Exhibit 10.6
OPTION AGREEMENT
This option agreement (“Agreement”) is made by and between Icahn School of Medicine at Mount Sinai, a New York not-for-profit education corporation with a principal place of business at One Gustave L. Levy Place, New York, NY 10029 (“Mount Sinai”), and Monogram Orthopedics Inc., a Delaware corporation, with a principal place of business at New Lab, Studio 105, 19 Morris Avenue, Brooklyn, NY 11205 (referred to herein as “Company”). This Agreement is effective as of March 18, 2019 (the “Effective Date”).

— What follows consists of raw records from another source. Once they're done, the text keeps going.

definition node_label :: "labeling \<Rightarrow> 'v graph \<Rightarrow> 'v \<Rightarrow> 'v \<Rightarrow> real list" where
  "node_label l G i j = (case l of
      NoLabel \<Rightarrow> []
    | IdLabel \<Rightarrow> [if i = j then 1 else 0]
    | SpdLabel \<Rightarrow> [case spd G i j of enat n \<Rightarrow> real n | \<infinity> \<Rightarrow> -1])"

fun hstate :: "mpnn \<Rightarrow> 'v graph \<Rightarrow> 'v \<Rightarrow> nat \<Rightarrow> 'v \<Rightarrow> real list" where
  "hstate P G i 0 j = nattr G j @ node_label (lab P) G i j"
| "hstate P G i (Suc t) j =
     upd P t (hstate P G i t j)
       (\<lambda>n. \<Sum>k\<in>sub_nbrs (ext P) G i j.
              msg P t (hstate P G i t j) (hstate P G i t k) (eattr G j k) n)"

definition mpnn_out :: "mpnn \<Rightarrow> 'v graph \<Rightarrow> 'v \<Rightarrow> real list" where
  "mpnn_out P G i = readout P (image_mset (hstate P G i (layers P)) (mset_set (sub_verts (ext P) G i)))"

definition subgraph_mpnns :: "(nat \<times> nat graph \<Rightarrow> real list) set" where
  "subgraph_mpnns = {(\<lambda>(i, G). mpnn_out P G i) | P. wf_mpnn P}"

text \<open>Node-level counting power of a class of functions on node-graph pairs
  (vertices drawn from nat; every finite graph is isomorphic to such a graph).\<close>
definition can_count_node ::
    "(nat \<times> nat graph \<Rightarrow> 'o) set \<Rightarrow> (nat \<Rightarrow> nat graph \<Rightarrow> nat) \<Rightarrow> bool" where
  "can_count_node F C \<longleftrightarrow>
     (\<forall>i1 G1 i2 G2. wf_graph G1 \<and> i1 \<in> verts G1 \<and> wf_graph G2 \<and> i2 \<in> verts G2 \<and>
        C i1 G1 \<noteq> C i2 G2 \<longrightarrow> (\<exists>f\<in>F. f (i1, G1) \<noteq> f (i2, G2)))"

end

theory Submission
  imports Defs
begin

(* The witnesses are the cones (apex n joined to every base vertex) over the n-cycle and over
   n/3 disjoint triangles, for n = 3L, both rooted at the apex. Seen from the apex, node deletion
   leaves the base graph and every ego-network is the whole cone; either way the apex is adjacent
   to all base vertices and every base vertex has exactly two base neighbours. By induction on the
   layer, all base vertices of both graphs carry one common state and so do the two apices, so
   every Subgraph MPNN gives the same output at both roots. But the apex starts an L-path and lies
   on an L-cycle of the cone over the cycle, whereas in the cone over the triangles such a path
   (L >= 4) or cycle (L >= 5, rotated to start at the apex) would run through four distinct base
   vertices in a row, all inside one triangle. *)

lemma spd_refl:
  assumes "i \<in> verts G"
  shows "spd G i i = 0"
proof -
  have "walk G [i]" using assms by (simp add: walk_def)
  then have "spd G i i \<le> enat 0" unfolding spd_def by (intro INF_lower2[of "[i]"]) auto
  then show ?thesis by (simp add: zero_enat_def[symmetric])
qed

WHEREAS, Company and Mount Sinai are parties to that Exclusive License Agreement effective October 3, 2017 (the “MS-Monogram Exclusive License Agreement”);
WHEREAS, Mount Sinai has determined that exploitation of the Intellectual Property Rights is in the best interests of Mount Sinai and consistent with the institution’s educational and research missions and goals;
WHEREAS, Company desires a period of time in which to evaluate the Intellectual Property Rights to determine if it wishes to license such Intellectual Property Rights under the terms of the MS-Monogram Exclusive License Agreement.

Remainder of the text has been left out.